Его беседы – не человечьи – с богами происходят в самом себе. Вот разговор с Иисусом: «И сладко мне плакать в ночи покаянной / о том, что ты все искупил / и уксус из чаши моей окаянной / устами пречистыми пил» (2000). А дальше уже разговор современного страдающего Иисуса, распятого за все наши грехи на собственной кровати, с отцом-богом – Иеговой... То есть, разговор с богами происходит именно в «спорном» ключе о. Александра Меня. Разговор христианского сына – Христоса – с иудаистическим Отцом. Восставший против отца и спасенный отцом – в одном лице. К такой общности божественного в себе по-книжному не приходят. Надо выстрадать, чтобы потом вот так просто писать в стихотворении «Псалом»: «В черном воздухе ищу Твою длань, / и душа моя всю ночь напролет / порывается к тебе словно лань / на желанные источники вод». И не держать в руках приобретенное благо прощения, а уже раздавать его – воздавать всем – живым и мертвым.
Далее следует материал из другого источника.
text \<open>The drift is at most \<open>C t \<le> r / 3\<close>, so a deviation beyond \<open>r\<close> forces the Ito part or the
  jump part beyond \<open>r / 3\<close>.\<close>

lemma (in prob_space) sde_deviation_tail_le:
  fixes n :: nat
  assumes setting: "jump_setting M B Y E (normal_density 0 (sqrt \<beta>)) l" and \<beta>: "\<beta> > 0"
    and sde: "sde_solution M B Y E \<sigma> b x X"
    and \<sigma>: "continuous_on UNIV \<sigma>" "\<And>y. \<bar>\<sigma> y\<bar> \<le> S" and S: "S > 0"
    and b: "continuous_on UNIV b" "\<And>y. \<bar>b y\<bar> \<le> C"
    and t: "t > 0" and r: "r > 0" and drift: "C * t \<le> r / 3"
  shows "prob {\<omega>\<in>space M. \<bar>X t \<omega> - x\<bar> > r} \<le> 2 * exp (- (r / 6)\<^sup>2 / (2 * (S\<^sup>2 * t)))
    + (exp 1 * l * t / Suc n) ^ Suc n + real n * (2 * exp (- (r / 3)\<^sup>2 / (2 * (real n * \<beta>))))"
proof -
  have l: "l > 0" and IY: "indep_vars (\<lambda>_. borel) Y UNIV"
    and DY: "\<And>i. distributed M lborel (Y i) (normal_density 0 (sqrt \<beta>))"
    and IE: "indep_vars (\<lambda>_. borel) E UNIV" and DE: "\<And>i. distributed M lborel (E i) (exponential_density l)"
    using setting unfolding jump_setting_def by blast+
  have [measurable]: "Y i \<in> borel_measurable M" "E i \<in> borel_measurable M" for i
    using DY[of i] DE[of i] by (auto simp: distributed_def)
  have X: "\<And>s. X s \<in> borel_measurable M" and cadlag: "\<And>\<omega>. \<omega> \<in> space M \<Longrightarrow> cadlag_on_nonneg (\<lambda>s. X s \<omega>)"
    using sde unfolding sde_solution_def by blast+
  define D where "D \<omega> = (LINT s:{0..t}|lborel. b (X s \<omega>))" for \<omega>
  define J where "J = jump_part E Y t"
  define I where "I \<omega> = X t \<omega> - x - D \<omega> - J \<omega>" for \<omega>
  have [measurable]: "D \<in> borel_measurable M" "J \<in> borel_measurable M" "X t \<in> borel_measurable M"
    unfolding D_def[abs_def] J_def using borel_measurable_LINT_cadlag[OF X cadlag b(1)]
    by (auto intro: jump_part_measurable X)
  have "{\<omega>\<in>space M. \<bar>X t \<omega> - x\<bar> > r} \<subseteq> {\<omega>\<in>space M. \<bar>I \<omega>\<bar> > r / 6 + r / 6} \<union> {\<omega>\<in>space M. \<bar>J \<omega>\<bar> > r / 3}"
  proof (intro subsetI)
    fix \<omega> assume "\<omega> \<in> {\<omega>\<in>space M. \<bar>X t \<omega> - x\<bar> > r}"
    moreover have "\<bar>D \<omega>\<bar> \<le> r / 3"
      using abs_LINT_atLeastAtMost_le[of t "\<lambda>s. b (X s \<omega>)" C] t b(2) drift by (simp add: D_def)
    ultimately show "\<omega> \<in> {\<omega>\<in>space M. \<bar>I \<omega>\<bar> > r / 6 + r / 6} \<union> {\<omega>\<in>space M. \<bar>J \<omega>\<bar> > r / 3}"
      unfolding I_def by (simp, smt (verit))
  qed
  then have "prob {\<omega>\<in>space M. \<bar>X t \<omega> - x\<bar> > r}
      \<le> prob {\<omega>\<in>space M. \<bar>I \<omega>\<bar> > r / 6 + r / 6} + prob {\<omega>\<in>space M. \<bar>J \<omega>\<bar> > r / 3}"
    unfolding I_def by (intro order_trans[OF finite_measure_mono measure_Un_le]) measurable
  moreover have "prob {\<omega>\<in>space M. \<bar>I \<omega>\<bar> > r / 6 + r / 6} \<le> 2 * exp (- (r / 6)\<^sup>2 / (2 * (S\<^sup>2 * t)))"
    unfolding I_def D_def J_def using r by (intro sde_ito_part_tail[OF setting sde \<sigma> S b(1) t]) simp
  moreover have "prob {\<omega>\<in>space M. \<bar>J \<omega>\<bar> > r / 3}
      \<le> (exp 1 * l * t / Suc n) ^ Suc n + real n * (2 * exp (- (r / 3)\<^sup>2 / (2 * (real n * \<beta>))))"
    unfolding J_def using r t by (intro jump_part_tail[OF IY DY IE DE l \<beta>]) auto
  ultimately show ?thesis by linarith
qed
Молить – не за себя – за людей, за всех нас – живущих, передвигающихся на своих двоих или долгое время обездвиженных, как Игорь. Как Христос у Отца – не за пазухой – а распятый на кровати. С десяток лет вот так пролежи, передвигаясь незнамо как только по комнате. Если жизнь не мед – значит, Меламед. Лежать вот так – в юдоли боли, лежать неподвижно… И – одновременно лететь в космическом пространстве. Одиночество распростертого, распластанного, прикованного к кресту кровати – и сжавшегося в комок – вместе с Землей. Сам – горсть и Земля в горсти. Держать в руках горечь – и не выпускать ее в мир. Через собственную боль – к вселенской боли, и дальше – к Богу, богам и звездам.

Движение относительно, как и покой. Тот, кто ходит по земле, движется, вполне может стоять на месте. А он, даже когда прикован к кровати, по-настоящему идет. «Встань и ходи». И он встает. Когда никто не видит, идет по ночным крышам, как главный идеолог символистов, магнетический поэт-философ Владимир Соловьев. Отрывая ноги от бренной земли, раскрывая руки, распахивая глаза. В которых – одна только вечность. Сначала остывшая и бездушеная, как у Георгия Иванова: «Черным деревьям в окнах тебя не жалко, / где отчужденно, точно в иной отчизне, / падает снег. И глухо гремит каталка. / И коридор больничный длиннее жизни» (1998). В последующие годы болезни образ вечности смягчается теплящимся огоньком. Этот – Тот свет сливаются. Вечность становится населена, как память, образами уже ушедших из жизни и ставших от того вечными, «канонизированными»: «И вновь они идут к вечернему трамваю, / торопятся домой, белье свое неся. / А я смотрю им вслед и глаз не отрываю, / хотя на этот свет еще не родился» (2003).

Новые стихи – очень спорные по своей сути. Но они говорят нам: поэт в Меламеде жив, движется и превращается со временем еще во что-то другое. И мы еще не знаем – во что. Но теперь эта трепещущая «незастывшесть», «непамятниковость» - и есть главная определяющая сегодняшней меламедовой поэтики.